Mansfield: City of Robots

We live in an age when artificial intelligence, microchips and animatronics are so advanced and commonplace that the idea of a 20th century robot—with stiff legs and slow buzzing speech—seems pretty quaint.

It’s amazing to imagine that at one time not so long ago these retro mechanical beings were the cutting edge of America’s dream future.

It was that awkward past that blazed the trail to where we are today though, and our cyber technology has achieved the heights of brilliance we enjoy today only by standing on the shoulders of those clunky old metal men. 

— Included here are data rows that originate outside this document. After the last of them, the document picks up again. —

(* $\mathtt{RealTime_{IA}}\subseteq\mathtt{pred}$-$\mathtt{dio}$-$\mathtt{ESO}$-$\mathtt{HORN}$: for every iterative array $\mathcal A$ (sequential input, neighborhood $\{-1,0,1\}$, output on the first cell) there is a predecessor Horn formula with diagonal input-output $\Phi$ such that for all $w\in\Sigma^+$, $\mathcal A$ accepts $w$ in real time iff $\langle w\rangle\models\Phi$.
   Context: Fix a finite alphabet $\Sigma$. A nonempty word $w=w_1\cdots w_n$ is represented by the structure $\langle w\rangle=([1,n];(Q_s)_{s\in\Sigma},\mathtt{min},\mathtt{max},\mathtt{suc},\mathtt{pred})$ with $Q_s(i)\iff w_i=s$, $\mathtt{min}(i)\iff i=1$, $\mathtt{max}(i)\iff i=n$, $\mathtt{suc}(i)=\min(i+1,n)$, $\mathtt{pred}(i)=\max(i-1,1)$; $x-k$ denotes $\mathtt{pred}^k(x)$. A predecessor Horn formula with diagonal input-output is $\Phi=\exists\mathbf{R}\forall x\forall y\,\psi(x,y)$, $\mathbf{R}$ a finite set of binary relation symbols, $\psi$ a conjunction of Horn clauses in $x,y$ over $\{(Q_s)_{s\in\Sigma},\mathtt{min},\mathtt{max},\mathtt{suc},\mathtt{pred},=\}\cup\mathbf{R}$, each of the form $\delta_1\wedge\cdots\wedge\delta_r\to\delta_0$ with $\delta_0$ an atom $R(x,y)$ ($R\in\mathbf{R}$) or $\bot$, each hypothesis being one of: $Q_s(x-a)\wedge x=y$ ($s\in\Sigma$, $a\ge0$); $U(x-a)$, $\neg U(x-a)$, $U(y-a)$, $\neg U(y-a)$ ($U\in\{\mathtt{min},\mathtt{max}\}$, $a\ge0$); $S(x-a,y-b)$ or $S(y-b,x-a)$ ($S\in\mathbf{R}$, $a,b\ge0$). $\mathtt{pred}$-$\mathtt{dio}$-$\mathtt{ESO}$-$\mathtt{HORN}$ is the class of languages $\{w\in\Sigma^+:\langle w\rangle\models\Phi\}$. An iterative array is a cellular automaton with finite state set $Q\supseteq\Sigma$, accepting states $Q_{accept}\subseteq Q$, neighborhood $\{-1,0,1\}$, transition function $\delta:Q^3\to Q$ and an input transition function $\delta_{input}$ for the first cell. On input $w=w_1\cdots w_n$ it uses cells $1,\dots,n$; cells outside are permanently in a state $\sharp$, cells not yet reached by information are in a quiescent state $\lambda$. The letter $w_i$ is given to cell 1 at time $i$ (state of cell 1 at time $i\le n$ computed by $\delta_{input}$ from $w_i$ and the previous neighbourhood states); other updates are $\langle c,t\rangle=\delta(\langle c-1,t-1\rangle,\langle c,t-1\rangle,\langle c+1,t-1\rangle)$. The array accepts $w$ in real time iff $\langle 1,n\rangle\in Q_{accept}$; $\mathtt{RealTime_{IA}}$ is the class of languages so accepted. *)

theory Defs
  imports Main
begin

text \<open>The left neighbour of cell 1 is always the border state sharp, so the
  input transition takes the current letter and the (left, own, right)
  neighbourhood states of the previous time step.\<close>

record ('a, 'q) ia =
  ia_delta :: "'q \<Rightarrow> 'q \<Rightarrow> 'q \<Rightarrow> 'q"
  ia_delta_input :: "'a \<Rightarrow> 'q \<Rightarrow> 'q \<Rightarrow> 'q \<Rightarrow> 'q"
  ia_sharp :: 'q
  ia_lambda :: 'q
  ia_accept :: "'q set"

definition is_ia :: "('a, 'q) ia \<Rightarrow> bool" where
  "is_ia A \<longleftrightarrow> ia_delta A (ia_lambda A) (ia_lambda A) (ia_lambda A) = ia_lambda A"

text \<open>Letter w_i (= w ! (i-1)) is read by cell 1 at time i.\<close>
primrec ia_conf :: "('a, 'q) ia \<Rightarrow> 'a list \<Rightarrow> nat \<Rightarrow> nat \<Rightarrow> 'q" where
  "ia_conf A w 0 = (\<lambda>c. if 1 \<le> c \<and> c \<le> length w then ia_lambda A else ia_sharp A)"
| "ia_conf A w (Suc t) = (\<lambda>c.
     if c = 0 \<or> length w < c then ia_sharp A
     else if c = 1 \<and> Suc t \<le> length w then
       ia_delta_input A (w ! t) (ia_conf A w t 0) (ia_conf A w t 1) (ia_conf A w t 2)
     else ia_delta A (ia_conf A w t (c - 1)) (ia_conf A w t c) (ia_conf A w t (c + 1)))"

definition ia_state :: "('a, 'q) ia \<Rightarrow> 'a list \<Rightarrow> nat \<Rightarrow> nat \<Rightarrow> 'q" where
  "ia_state A w c t = ia_conf A w t c"
lemma expect_X_exp_X_ge:
  assumes "0 \<le> l"
  shows "Psi l * (mu - gamma - l * Theta) \<le> expect Gamma p (\<lambda>S. X S * exp (- l * X S))"
proof -
  have "Psi l * (mu - gamma - l * Theta)
      = (\<Sum>i\<in>Is. (\<Sum>j\<in>Js i. Psi l * (Pr Gamma p (B (i, j)) - l * theta (i, j)))
           - Psi l * (\<Sum>Q\<in>pairs i. Pr Gamma p (\<Inter>j\<in>Q. B (i, j))))"
    unfolding sum_subtractf sum_Is_Js[of "\<lambda>a. Psi l * (Pr Gamma p (B a) - l * theta a)"]
      mu_def gamma_def Theta_def
    by (simp add: sum_distrib_left sum_subtractf right_diff_distrib)
  also have "\<dots> \<le> (\<Sum>i\<in>Is. expect Gamma p (\<lambda>S. indicator (Bu i) S * exp (- l * X S)))"
    by (intro sum_mono expect_indicator_Bu_exp_X_ge assms)
  also have "\<dots> = expect Gamma p (\<lambda>S. X S * exp (- l * X S))"
    unfolding X_def sum_distrib_right expect_sum ..
  finally show ?thesis .
qed

lemma Psi_le_exp:
  assumes "0 \<le> l"
  shows "Psi l \<le> exp (- (l * (mu - gamma)) + l\<^sup>2 * Theta / 2)"
proof -
  have "Psi l \<le> Psi 0 * exp (- (l * (mu - gamma)) + l\<^sup>2 * Theta / 2)"
  proof (rule le_exp_quadratic_if_deriv_le[OF assms])
    fix x :: real assume "0 \<le> x"
    show "(Psi has_real_derivative - expect Gamma p (\<lambda>S. X S * exp (- x * X S))) (at x)"
      unfolding Psi_def[abs_def] by (rule expect_exp_has_real_derivative)
    show "- expect Gamma p (\<lambda>S. X S * exp (- x * X S)) \<le> - Psi x * (mu - gamma - x * Theta)"
      using expect_X_exp_X_ge[OF \<open>0 \<le> x\<close>] by simp
  qed
  moreover have "Psi 0 = 1"
    unfolding Psi_def by (simp add: expect_const[OF finite_Gamma])
  ultimately show ?thesis by simp
qed
(* Let $G$ be a strongly connected digraph with $N>2$ nodes in which all nodes run the Privacy-Preserving Push-Sum Algorithm described in the context. Let $\mathcal A\subset\mathcal V$ be a set of honest-but-curious nodes, $\mathcal L=\mathcal V\setminus\mathcal A$, and $i\in\mathcal L$. If $N_i^{out}\cup N_i^{in}\not\subseteq\mathcal A$, then the privacy of node $i$ is preserved against $\mathcal A$, i.e., for every $\kappa\in\mathbb N$ and every feasible information sequence $\mathcal I_{\mathcal A}(0:\kappa)$, $\mathrm{Diam}(\mathcal I_{\mathcal A}(0:\kappa))=\infty$.
   Context: Digraph conventions: $\mathcal V=\{1,\dots,N\}$, no self-loops; $(j,i)\in\mathcal E$ means node $i$ can send messages to node $j$. $N_i^{in}=\{j:(i,j)\in\mathcal E\}$, $N_i^{out}=\{j:(j,i)\in\mathcal E\}$. Strongly connected: a directed path exists from any node to any other node. Privacy-Preserving Push-Sum Algorithm (each node $i$ has a private real initial state $x_i(0)$; $M>0$ is a fixed constant). Initialization: node $i$ draws $x^\alpha_{i,1}(0)\sim U(-M,M)$ and sets $x^\beta_{i,1}(0)=2x_i(0)-x^\alpha_{i,1}(0)$, $x^\alpha_{i,2}(0)=0$, $x^\beta_{i,2}(0)=2$. Weights: at $k=0$, node $i$ draws the numbers $\{p_{ji}(0):j\in N_i^{out}\cup\{i\}\}$ and $\alpha_i(0)$ independently from $\mathcal N(0,M)$ and normalizes them so that $\sum_{j=1}^N p_{ji}(0)+\alpha_i(0)=1$; at each $k\ge1$, node $i$ draws $\{p_{ji}(k):j\in N_i^{out}\cup\{i\}\}$ and $\alpha_i(k)$ independently from $U(0,1)$ and normalizes them so that $\sum_{j=1}^N p_{ji}(k)+\alpha_i(k)=1$; in all cases $p_{ji}(k)=0$ if $j\notin N_i^{out}\cup\{i\}$. State update, for $k\ge0$, $l=1,2$: node $i$ sends $p_{ji}(k)x^\alpha_{i,l}(k)$ to each $j\in N_i^{out}$ and updates $$x^\alpha_{i,l}(k+1)=\sum_{j\in N_i^{in}\cup\{i\}}p_{ij}(k)x^\alpha_{j,l}(k)+x^\beta_{i,l}(k),\qquad x^\beta_{i,l}(k+1)=\alpha_i(k)x^\alpha_{i,l}(k).$$ Node $i$'s estimated average is $\hat x^{ave}_i(k+1)=x^\alpha_{i,1}(k+1)/x^\alpha_{i,2}(k+1)$. The substate $x^\beta_{i,l}$ is never transmitted. Honest-but-curious nodes: nodes that follow the protocol, try to infer other nodes' private initial values from the data they receive, and may pool their data. For a set $\mathcal A$ of such nodes, the information available at time $k$ is $\mathcal I_{\mathcal A}(k)=\{\mathcal I_a(k):a\in\mathcal A\}$ with $$\mathcal I_a(k)=\{x^\alpha_{a,l}(k),x^\beta_{a,l}(k),p_{ja}(k),p_{ap}(k)x^\alpha_{p,l}(k): p\in N_a^{in},\ j\in\mathcal V,\ l=1,2\},$$ and $\mathcal I_{\mathcal A}(0:\kappa)=\bigcup_{0\le k\le\kappa}\mathcal I_{\mathcal A}(k)$. For a feasible $\mathcal I_{\mathcal A}(0:\kappa)$, $\Delta(\mathcal I_{\mathcal A}(0:\kappa),i)$ is the set of all values $x_i(0)=(x^\alpha_{i,1}(0)+x^\beta_{i,1}(0))/2$ for which there exist initial substates $x^\alpha_{n,1}(0),x^\beta_{n,1}(0)$, $n\in\mathcal L$, and weights $p_{jn}(k),\alpha_n(k)$, $n\in\mathcal L$, $j\in\mathcal V$, $k=0,\dots,\kappa$ (satisfying the column normalization $\sum_j p_{jn}(k)+\alpha_n(k)=1$ and the sparsity pattern of the algorithm; at $k=0$ the weights may be arbitrary real numbers, as their generating distribution is Gaussian), such that the quantities of $\mathcal I_{\mathcal A}(0:\kappa)$ generated by the update rules (with $x^\alpha_{n,2}(0)=0$, $x^\beta_{n,2}(0)=2$) coincide with the given ones. $\mathrm{Diam}(\mathcal I_{\mathcal A}(0:\kappa))=\sup\{|x-x'|:x,x'\in\Delta(\mathcal I_{\mathcal A}(0:\kappa),i)\}$. The privacy of node $i\in\mathcal L$ is preserved against $\mathcal A$ if for every $\kappa\in\mathbb N$, $\mathrm{Diam}(\mathcal I_{\mathcal A}(0:\kappa))=\infty$ for every feasible $\mathcal I_{\mathcal A}(0:\kappa)$. *)

theory Defs
  imports "HOL-Analysis.Analysis"
begin

text \<open>Digraph conventions: nodes are V = {1..N}; a pair (j,i) in E means that node i
  can send messages to node j.\<close>

definition N_in :: "(nat \<times> nat) set \<Rightarrow> nat \<Rightarrow> nat set" where
  "N_in E i = {j. (i, j) \<in> E}"

definition N_out :: "(nat \<times> nat) set \<Rightarrow> nat \<Rightarrow> nat set" where
  "N_out E i = {j. (j, i) \<in> E}"

definition strongly_connected :: "nat set \<Rightarrow> (nat \<times> nat) set \<Rightarrow> bool" where
  "strongly_connected V E \<longleftrightarrow> (\<forall>i\<in>V. \<forall>j\<in>V. i \<noteq> j \<longrightarrow> (i, j) \<in> E\<^sup>+)"

text \<open>Weights: p k j i is p_{ji}(k), al k i is alpha_i(k).
  At k = 0 arbitrary reals (Gaussian support); at k >= 1 positive on the allowed
  pattern (normalised uniform(0,1) draws); always column-normalised and sparse.\<close>

definition valid_weights ::
  "nat set \<Rightarrow> (nat \<times> nat) set \<Rightarrow> (nat \<Rightarrow> nat \<Rightarrow> nat \<Rightarrow> real) \<Rightarrow> (nat \<Rightarrow> nat \<Rightarrow> real) \<Rightarrow> bool" where
  "valid_weights V E p al \<longleftrightarrow>
     (\<forall>k. \<forall>i\<in>V.
        (\<Sum>j\<in>V. p k j i) + al k i = 1
      \<and> (\<forall>j. j \<notin> N_out E i \<union> {i} \<longrightarrow> p k j i = 0)
      \<and> (k \<ge> 1 \<longrightarrow> al k i > 0 \<and> (\<forall>j\<in>N_out E i \<union> {i}. p k j i > 0)))"

fun traj :: "(nat \<times> nat) set \<Rightarrow> (nat \<Rightarrow> nat \<Rightarrow> nat \<Rightarrow> real) \<Rightarrow> (nat \<Rightarrow> nat \<Rightarrow> real)
    \<Rightarrow> (nat \<Rightarrow> real) \<Rightarrow> (nat \<Rightarrow> real) \<Rightarrow> nat \<Rightarrow> (nat \<Rightarrow> real) \<times> (nat \<Rightarrow> real)" where
  "traj E p al a0 b0 0 = (a0, b0)"
| "traj E p al a0 b0 (Suc k) =
     (let xa = fst (traj E p al a0 b0 k); xb = snd (traj E p al a0 b0 k) in
      (\<lambda>i. (\<Sum>j\<in>N_in E i \<union> {i}. p k i j * xa j) + xb i, \<lambda>i. al k i * xa i))"

text \<open>x^alpha_{n,l}(k) and x^beta_{n,l}(k), l = 1,2; a0, b0 are the initial
  substates x^alpha_{n,1}(0), x^beta_{n,1}(0); for l = 2 they are 0 and 2.\<close>

definition xA :: "(nat \<times> nat) set \<Rightarrow> (nat \<Rightarrow> nat \<Rightarrow> nat \<Rightarrow> real) \<Rightarrow> (nat \<Rightarrow> nat \<Rightarrow> real)
    \<Rightarrow> (nat \<Rightarrow> real) \<Rightarrow> (nat \<Rightarrow> real) \<Rightarrow> nat \<Rightarrow> nat \<Rightarrow> nat \<Rightarrow> real" where
  "xA E p al a0 b0 l k n =
     fst (traj E p al (if l = 1 then a0 else (\<lambda>_. 0)) (if l = 1 then b0 else (\<lambda>_. 2)) k) n"

definition xB :: "(nat \<times> nat) set \<Rightarrow> (nat \<Rightarrow> nat \<Rightarrow> nat \<Rightarrow> real) \<Rightarrow> (nat \<Rightarrow> nat \<Rightarrow> real)
    \<Rightarrow> (nat \<Rightarrow> real) \<Rightarrow> (nat \<Rightarrow> real) \<Rightarrow> nat \<Rightarrow> nat \<Rightarrow> nat \<Rightarrow> real" where
  "xB E p al a0 b0 l k n =
     snd (traj E p al (if l = 1 then a0 else (\<lambda>_. 0)) (if l = 1 then b0 else (\<lambda>_. 2)) k) n"

definition same_info ::
  "nat set \<Rightarrow> (nat \<times> nat) set \<Rightarrow> nat set \<Rightarrow> nat \<Rightarrow>
   (nat \<Rightarrow> nat \<Rightarrow> nat \<Rightarrow> real) \<Rightarrow> (nat \<Rightarrow> nat \<Rightarrow> real) \<Rightarrow> (nat \<Rightarrow> real) \<Rightarrow> (nat \<Rightarrow> real) \<Rightarrow>
   (nat \<Rightarrow> nat \<Rightarrow> nat \<Rightarrow> real) \<Rightarrow> (nat \<Rightarrow> nat \<Rightarrow> real) \<Rightarrow> (nat \<Rightarrow> real) \<Rightarrow> (nat \<Rightarrow> real) \<Rightarrow> bool" where
  "same_info V E A \<kappa> p al a0 b0 p' al' a0' b0' \<longleftrightarrow>
     (\<forall>k\<le>\<kappa>. \<forall>a\<in>A. \<forall>l\<in>{1, 2}.
        xA E p al a0 b0 l k a = xA E p' al' a0' b0' l k a
      \<and> xB E p al a0 b0 l k a = xB E p' al' a0' b0' l k a
      \<and> (\<forall>j\<in>V. p k j a = p' k j a)
      \<and> (\<forall>q\<in>N_in E a. p k a q * xA E p al a0 b0 l k q = p' k a q * xA E p' al' a0' b0' l k q))"

text \<open>Delta(I_A(0:kappa), i), where I_A(0:kappa) is the information generated by the
  execution (p, al, a0, b0).\<close>

definition Delta ::
  "nat set \<Rightarrow> (nat \<times> nat) set \<Rightarrow> nat set \<Rightarrow> nat \<Rightarrow> nat \<Rightarrow>
   (nat \<Rightarrow> nat \<Rightarrow> nat \<Rightarrow> real) \<Rightarrow> (nat \<Rightarrow> nat \<Rightarrow> real) \<Rightarrow> (nat \<Rightarrow> real) \<Rightarrow> (nat \<Rightarrow> real) \<Rightarrow> real set" where
  "Delta V E A i \<kappa> p al a0 b0 =
     {(a0' i + b0' i) / 2 | p' al' a0' b0'.
        valid_weights V E p' al' \<and> same_info V E A \<kappa> p al a0 b0 p' al' a0' b0'}"

definition Diam :: "real set \<Rightarrow> ereal" where
  "Diam S = Sup {ereal \<bar>x - y\<bar> | x y. x \<in> S \<and> y \<in> S}"

end

theory Submission
  imports Defs
begin

text \<open>The initial substate \<open>x\<^sup>\<alpha>\<^sub>s\<^sub>,\<^sub>1(0)\<close> of a node \<open>s\<close> leaves \<open>s\<close> only multiplied by the
  time-0 weights of column \<open>s\<close>, which may be arbitrary reals. Hence one can set
  \<open>x\<^sup>\<alpha>\<^sub>s\<^sub>,\<^sub>1(0) = 1\<close>, absorb its old value into those weights, and additionally move an
  arbitrary amount \<open>\<theta>\<close> from \<open>p\<^sub>s\<^sub>s(0)\<close> to \<open>p\<^sub>r\<^sub>s(0)\<close> along an edge \<open>(r, s)\<close>, compensating
  in the never-transmitted substates \<open>x\<^sup>\<beta>\<close> of \<open>r\<close> and \<open>s\<close>. The states at time 1 and all
  later weights are unchanged, so nodes outside \<open>{r, s}\<close> observe exactly the same data.
  If \<open>r, s \<notin> \<A>\<close> and \<open>i \<in> {r, s}\<close>, the initial value of \<open>i\<close> becomes an affine function
  of \<open>\<theta>\<close> with slope \<open>\<plusminus>1/2\<close>, so every real number is consistent with the adversary's view.\<close>

lemma traj_eq_from_one:
  assumes "traj E p' al' a' b' 1 = traj E p al a b 1"
    and "\<And>k. k \<ge> 1 \<Longrightarrow> p' k = p k \<and> al' k = al k"
    and "k \<ge> 1"
  shows "traj E p' al' a' b' k = traj E p al a b k"
  using assms(3)
proof (induction k rule: nat_induct_at_least)
  case base
  then show ?case using assms(1) by simp
next
  case (Suc n)
  then show ?case using assms(2)[of n] by (simp add: Let_def)
qed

In the 1930s those first stunningly futuristic aluminum stars were brought to life in the one place in the nation that already had a reputation for industrial and technological innovation: the city of Mansfield.

At its height of vitality in Mansfield the Westinghouse plant covered 42.7 acres between Third Street and Sixth Street.  Today most of that square footage is merely naked concrete slab, but one piece of the manufacturing complex that still stands is the Office Building.
 
Built in the 1930s, the Office was connected to the factory by way of a hallway bridge over Fourth Street.
 
Its streamlined and angular appearance was very futuristic in that decade, inspiring great promise of a wonderful new consumer-driven era of cutting-edge home appliances for America.

Science & Fiction

The concept of robots didn’t begin in Mansfield, writers had been defining them for a hundred years, and moviemakers had been simulating them since the beginning of film. 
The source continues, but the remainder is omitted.